Prompt: Count the lines in the material below that contain the word "notin" and give the number alone.

Available records:
lemma mem_nbrs_commute: "x \<in> nbrs y \<longleftrightarrow> y \<in> nbrs (x::int^'d)"
  unfolding nbrs_def by (auto simp: algebra_simps)

lemma finite_lattice_ball:
  assumes "xi > 0" shows "finite (lattice_ball xi R :: (int^'d) set)"
proof -
  define N where "N = \<lceil>R / xi\<rceil>"
  have "lattice_ball xi R \<subseteq> vec_lambda ` (PiE (UNIV::'d set) (\<lambda>_. {-N..N}))"
  proof
    fix z :: "int^'d" assume "z \<in> lattice_ball xi R"
    then have norm_less: "norm (lattice_point xi z) < R" by (simp add: lattice_ball_def)
    have "z $ i \<in> {-N..N}" for i
    proof -
      have "xi * \<bar>real_of_int (z $ i)\<bar> \<le> xi * norm (\<chi> i. real_of_int (z $ i))"
        using component_le_norm_cart[of "\<chi> i. real_of_int (z $ i)" i] assms by simp
      also have "\<dots> < R" using norm_less assms by (simp add: lattice_point_def)
      finally have "\<bar>real_of_int (z $ i)\<bar> < R / xi" using assms by (simp add: field_simps)
      then have "\<bar>real_of_int (z $ i)\<bar> \<le> real_of_int N" unfolding N_def
        by (meson le_of_int_ceiling less_le_trans order.strict_implies_order)
      then show ?thesis by auto
    qed
    then show "z \<in> vec_lambda ` (PiE UNIV (\<lambda>_. {-N..N}))"
      by (intro image_eqI[of _ _ "\<lambda>i. z $ i"]) auto
  qed
  moreover have "finite (vec_lambda ` (PiE (UNIV::'d set) (\<lambda>_. {-N..N})))"
    by (intro finite_imageI finite_PiE) auto
  ultimately show ?thesis by (rule finite_subset)
qed

lemma support_pos_part: "support (pos_part f) = {z. 0 < f z}"
  by (auto simp: support_def pos_part_def max_def)

lemma support_neg_part: "support (neg_part f) = {z. f z < 0}"
  by (auto simp: support_def neg_part_def min_def)

lemma gen_mass_config_if_vanishing_outside:
  assumes "finite G" and "\<And>y. y \<notin> G \<Longrightarrow> f y = 0"
  shows "gen_mass_config f"
proof -
  have "range f \<subseteq> insert 0 (f ` G)" using assms(2) by auto
  then have "finite (range f)" using assms(1) by (meson finite_imageI finite_insert finite_subset)
  moreover have "support f \<subseteq> G" using assms(2) unfolding support_def by auto
  ultimately show ?thesis
    unfolding gen_mass_config_def using assms(1) by (auto intro: finite_subset finite_imp_bounded)
qed

text \<open>topple_kernel x = xi^2 \<Delta>\<delta>_x, which does not depend on xi.\<close>
definition topple_kernel :: "int^'d \<Rightarrow> int^'d \<Rightarrow> real" where
  "topple_kernel x y =
     (if y = x then -1 else if y \<in> nbrs x then 1 / (2 * real CARD('d)) else 0)"

lemma topple_eq_kernel:
  fixes x :: "int^'d" assumes "xi \<noteq> 0"
  shows "topple xi x \<eta> y = \<eta> y + pos_part \<eta> x * topple_kernel x y"
proof -
  have "(\<Sum>y'\<in>nbrs y. ddelta x y' - ddelta x y)
      = (\<Sum>y'\<in>nbrs y. ddelta x y') - real (card (nbrs y)) * ddelta x y"
    by (simp add: sum_subtractf)
  also have "\<dots> = (if x \<in> nbrs y then 1 else 0) - 2 * real CARD('d) * ddelta x y"
    by (simp add: ddelta_def sum.delta' card_nbrs)
  finally have "xi^2 * dlap xi (ddelta x) y = topple_kernel x y"
    unfolding dlap_def topple_kernel_def using assms not_mem_nbrs_self[of x]
    by (auto simp: ddelta_def mem_nbrs_commute field_simps)
  then show ?thesis unfolding topple_def by (metis mult.assoc)
qed

lemma topple_kernel_nbr: "y \<in> nbrs (x::int^'d) \<Longrightarrow> topple_kernel x y = 1 / (2 * real CARD('d))"
  using not_mem_nbrs_self[of x] by (auto simp: topple_kernel_def)

lemma topple_kernel_eq_0: "y \<notin> insert x (nbrs x) \<Longrightarrow> topple_kernel x y = 0"
  by (auto simp: topple_kernel_def)

lemma abs_topple_kernel_le_1: "\<bar>topple_kernel (x::int^'d) y\<bar> \<le> 1"
proof -
  have "1 \<le> real CARD('d)" using finite_UNIV_card_ge_0[where 'a='d] by simp
  then have "1 / (2 * real CARD('d)) \<le> 1" by (subst divide_le_eq_1_pos) linarith+
  then show ?thesis unfolding topple_kernel_def by auto
qed

lemma topple_self: "xi \<noteq> 0 \<Longrightarrow> topple xi x \<eta> x = min (\<eta> x) 0"
  by (simp add: topple_eq_kernel topple_kernel_def pos_part_def)

lemma topple_ge: "xi \<noteq> 0 \<Longrightarrow> y \<noteq> x \<Longrightarrow> \<eta> y \<le> topple xi x \<eta> y"
  by (simp add: topple_eq_kernel topple_kernel_def pos_part_def)

lemma sum_topple_kernel:
  fixes x :: "int^'d"
  assumes "finite G" and "insert x (nbrs x) \<subseteq> G"
  shows "(\<Sum>y\<in>G. topple_kernel x y) = 0"
proof -
  have "(\<Sum>y\<in>G. topple_kernel x y) = (\<Sum>y\<in>insert x (nbrs x). topple_kernel x y)"
    by (rule sum.mono_neutral_right) (use assms topple_kernel_eq_0 in auto)
  also have "\<dots> = -1 + (\<Sum>y\<in>nbrs x. 1 / (2 * real CARD('d)))"
    by (simp add: not_mem_nbrs_self topple_kernel_nbr topple_kernel_def[of x x] cong: sum.cong)
  finally show ?thesis by (simp add: card_nbrs)
qed

definition sqnorm :: "int^'d \<Rightarrow> real" where
  "sqnorm y = (\<Sum>i\<in>UNIV. (real_of_int (y $ i))^2)"

lemma sqnorm_nonneg: "0 \<le> sqnorm y"
  unfolding sqnorm_def by (simp add: sum_nonneg)

lemma sqnorm_add_diff_axis: "sqnorm (x + axis i 1) + sqnorm (x - axis i 1) = 2 * sqnorm x + 2"
proof -
  have "sqnorm (x + axis i 1) + sqnorm (x - axis i 1)
      = (\<Sum>j\<in>UNIV. 2 * (real_of_int (x $ j))^2 + (if j = i then 2 else 0))"
    unfolding sqnorm_def sum.distrib[symmetric]
    by (rule sum.cong) (auto simp: axis_def power2_eq_square algebra_simps)
  then show ?thesis by (simp add: sum.distrib sqnorm_def sum_distrib_left)
qed

text \<open>The discrete counterpart of \<Delta>|y|^2 = 2d, the kernel carrying the factor 1/(2d) of dlap.\<close>
lemma sum_sqnorm_topple_kernel:
  fixes x :: "int^'d"
  assumes "finite G" and "insert x (nbrs x) \<subseteq> G"
  shows "(\<Sum>y\<in>G. sqnorm y * topple_kernel x y) = 1"
proof -
  have "(\<Sum>y\<in>G. sqnorm y * topple_kernel x y)
      = (\<Sum>y\<in>insert x (nbrs x). sqnorm y * topple_kernel x y)"
    by (rule sum.mono_neutral_right) (use assms topple_kernel_eq_0 in auto)
  also have "\<dots> = - sqnorm x + (\<Sum>y\<in>nbrs x. sqnorm y) / (2 * real CARD('d))"
    by (simp add: not_mem_nbrs_self topple_kernel_nbr topple_kernel_def[of x x] sum_divide_distrib
        cong: sum.cong)
  also have "(\<Sum>y\<in>nbrs x. sqnorm y) = (\<Sum>i\<in>(UNIV::'d set). 2 * sqnorm x + 2)"
    by (simp add: sum_nbrs sqnorm_add_diff_axis)
  finally show ?thesis by (simp add: field_simps)
qed

definition toppled_mass :: "real \<Rightarrow> (nat \<Rightarrow> int^'d) \<Rightarrow> (int^'d \<Rightarrow> real) \<Rightarrow> nat \<Rightarrow> real" where
  "toppled_mass xi xs \<sigma> j = pos_part (topple_seq xi xs \<sigma> j) (xs (Suc j))"

lemma toppled_mass_nonneg: "0 \<le> toppled_mass xi xs \<sigma> j"
  by (simp add: toppled_mass_def pos_part_def)

lemma topple_seq_Suc_kernel:
  "xi \<noteq> 0 \<Longrightarrow> topple_seq xi xs \<sigma> (Suc k) y
     = topple_seq xi xs \<sigma> k y + toppled_mass xi xs \<sigma> k * topple_kernel (xs (Suc k)) y"
  by (simp add: topple_eq_kernel toppled_mass_def)

lemma topple_seq_eq_sum:
  "xi \<noteq> 0 \<Longrightarrow> topple_seq xi xs \<sigma> k y
     = \<sigma> y + (\<Sum>j<k. toppled_mass xi xs \<sigma> j * topple_kernel (xs (Suc j)) y)"
  by (induction k) (simp_all add: topple_seq_Suc_kernel del: topple_seq.simps(2))

lemma topple_seq_ge_min:
  assumes "xi \<noteq> 0" shows "min (\<sigma> y) 0 \<le> topple_seq xi xs \<sigma> k y"
proof (induction k)
  case (Suc k)
  then show ?case
    by (cases "y = xs (Suc k)") (auto simp: topple_self topple_ge assms intro: order_trans)
qed simp

lemma topple_seq_self_nonpos:
  "xi \<noteq> 0 \<Longrightarrow> xs (Suc k) = y \<Longrightarrow> topple_seq xi xs \<sigma> (Suc k) y \<le> 0"
  by (simp add: topple_self)

lemma topple_seq_eq_0:
  assumes "xi \<noteq> 0" and "\<forall>k. insert (xs (Suc k)) (nbrs (xs (Suc k))) \<subseteq> G"
    and "y \<notin> G" and "\<sigma> y = 0"
  shows "topple_seq xi xs \<sigma> k y = 0"
proof (induction k)
  case (Suc k)
  have "topple_kernel (xs (Suc k)) y = 0"
    using assms(2,3) by (intro topple_kernel_eq_0) blast
  then show ?case using Suc by (simp add: assms(1) topple_seq_Suc_kernel del: topple_seq.simps(2))
qed (simp add: assms(4))

lemma sum_topple_seq:
  assumes "xi \<noteq> 0" and "finite G" and "\<forall>k. insert (xs (Suc k)) (nbrs (xs (Suc k))) \<subseteq> G"
  shows "(\<Sum>y\<in>G. topple_seq xi xs \<sigma> k y) = (\<Sum>y\<in>G. \<sigma> y)"
proof (induction k)
  case (Suc k)
  then show ?case using sum_topple_kernel[OF assms(2) assms(3)[rule_format]]
    by (simp add: assms(1) topple_seq_Suc_kernel sum.distrib del: topple_seq.simps(2)
        flip: sum_distrib_left)
qed simp

lemma sum_sqnorm_topple_seq:
  assumes "xi \<noteq> 0" and "finite G" and "\<forall>k. insert (xs (Suc k)) (nbrs (xs (Suc k))) \<subseteq> G"
  shows "(\<Sum>y\<in>G. sqnorm y * topple_seq xi xs \<sigma> k y)
    = (\<Sum>y\<in>G. sqnorm y * \<sigma> y) + (\<Sum>j<k. toppled_mass xi xs \<sigma> j)"
proof (induction k)
  case (Suc k)
  have "(\<Sum>y\<in>G. sqnorm y * topple_seq xi xs \<sigma> (Suc k) y)
      = (\<Sum>y\<in>G. sqnorm y * topple_seq xi xs \<sigma> k y)
        + toppled_mass xi xs \<sigma> k * (\<Sum>y\<in>G. sqnorm y * topple_kernel (xs (Suc k)) y)"
    by (simp add: assms(1) topple_seq_Suc_kernel sum.distrib sum_distrib_left algebra_simps
        del: topple_seq.simps(2))
  then show ?case using Suc sum_sqnorm_topple_kernel[OF assms(2) assms(3)[rule_format]] by simp
qed simp

lemma summable_toppled_mass:
  assumes "xi \<noteq> 0" and "finite G" and "\<forall>k. insert (xs (Suc k)) (nbrs (xs (Suc k))) \<subseteq> G"
  shows "summable (toppled_mass xi xs \<sigma>)"
proof (rule summableI_nonneg_bounded)
  define s where "s = topple_seq xi xs \<sigma>"
  define m where "m y = min (\<sigma> y) 0" for y
  define Q where "Q = (\<Sum>y\<in>G. sqnorm y)"
  fix k
  have "sqnorm y \<le> Q" if "y \<in> G" for y
    unfolding Q_def using assms(2) that sqnorm_nonneg by (intro member_le_sum) auto
  then have "(\<Sum>y\<in>G. sqnorm y * (s k y - m y)) \<le> (\<Sum>y\<in>G. Q * (s k y - m y))"
    using topple_seq_ge_min[OF assms(1)] by (intro sum_mono mult_right_mono) (auto simp: s_def m_def)
  also have "\<dots> = Q * ((\<Sum>y\<in>G. \<sigma> y) - (\<Sum>y\<in>G. m y))"
    using sum_topple_seq[OF assms] by (simp add: s_def sum_subtractf flip: sum_distrib_left)
  finally show "(\<Sum>j<k. toppled_mass xi xs \<sigma> j)
      \<le> Q * ((\<Sum>y\<in>G. \<sigma> y) - (\<Sum>y\<in>G. m y)) + (\<Sum>y\<in>G. sqnorm y * m y) - (\<Sum>y\<in>G. sqnorm y * \<sigma> y)"
    using sum_sqnorm_topple_seq[OF assms]
    by (simp add: s_def sum_subtractf right_diff_distrib)
qed (rule toppled_mass_nonneg)

lemma topple_seq_tendsto:
  assumes "xi \<noteq> 0" and "summable (toppled_mass xi xs \<sigma>)"
  shows "(\<lambda>k. topple_seq xi xs \<sigma> k y)
    \<longlonglongrightarrow> \<sigma> y + (\<Sum>j. toppled_mass xi xs \<sigma> j * topple_kernel (xs (Suc j)) y)"
proof -
  have "summable (\<lambda>j. toppled_mass xi xs \<sigma> j * topple_kernel (xs (Suc j)) y)"
  proof (rule summable_comparison_test'[OF assms(2)])
    fix j
    show "norm (toppled_mass xi xs \<sigma> j * topple_kernel (xs (Suc j)) y) \<le> toppled_mass xi xs \<sigma> j"
      using toppled_mass_nonneg[of xi xs \<sigma> j] abs_topple_kernel_le_1[of "xs (Suc j)" y]
      by (simp add: abs_mult mult_left_le)
  qed
  then show ?thesis
    unfolding topple_seq_eq_sum[OF assms(1)] by (intro tendsto_add tendsto_const summable_LIMSEQ)
qed

lemma odometer_eq_sum:
  "odometer xi xs \<sigma> k x = xi^2 * (\<Sum>j<k. if xs (Suc j) = x then toppled_mass xi xs \<sigma> j else 0)"
proof -
  have indices: "{j. 1 \<le> j \<and> j \<le> k \<and> xs j = x} = Suc ` {j \<in> {..<k}. xs (Suc j) = x}"
  proof (intro equalityI subsetI)
    fix j assume "j \<in> {j. 1 \<le> j \<and> j \<le> k \<and> xs j = x}"
    then show "j \<in> Suc ` {j \<in> {..<k}. xs (Suc j) = x}"
      by (intro image_eqI[of _ _ "j - 1"]) auto
  qed auto
  have "odometer xi xs \<sigma> k x = xi^2 * (\<Sum>j\<in>{j \<in> {..<k}. xs (Suc j) = x}. toppled_mass xi xs \<sigma> j)"
    unfolding odometer_def indices by (subst sum.reindex) (auto simp: toppled_mass_def)
  then show ?thesis by (simp only: sum.inter_filter[OF finite_lessThan])
qed

lemma odometer_incseq_tendsto:
  fixes x :: "int^'d"
  assumes "summable (toppled_mass xi xs \<sigma>)"
  defines "c j \<equiv> if xs (Suc j) = x then toppled_mass xi xs \<sigma> j else 0"
  shows "incseq (\<lambda>k. odometer xi xs \<sigma> k x)"
    and "(\<lambda>k. odometer xi xs \<sigma> k x) \<longlonglongrightarrow> xi^2 * suminf c"
    and "0 \<le> xi^2 * suminf c"
proof -
  have c_nonneg: "0 \<le> c j" for j by (simp add: c_def toppled_mass_nonneg)
  have "summable c"
    by (rule summable_comparison_test'[OF assms(1)]) (auto simp: c_def toppled_mass_nonneg)
  then show "(\<lambda>k. odometer xi xs \<sigma> k x) \<longlonglongrightarrow> xi^2 * suminf c"
    unfolding odometer_eq_sum c_def[symmetric] by (intro tendsto_mult tendsto_const summable_LIMSEQ)
  show "0 \<le> xi^2 * suminf c"
    using \<open>summable c\<close> c_nonneg by (simp add: suminf_nonneg)
  show "incseq (\<lambda>k. odometer xi xs \<sigma> k x)"
    unfolding odometer_eq_sum c_def[symmetric]
    by (intro incseq_SucI) (simp add: c_nonneg mult_left_mono)
qed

Exercise solution: 3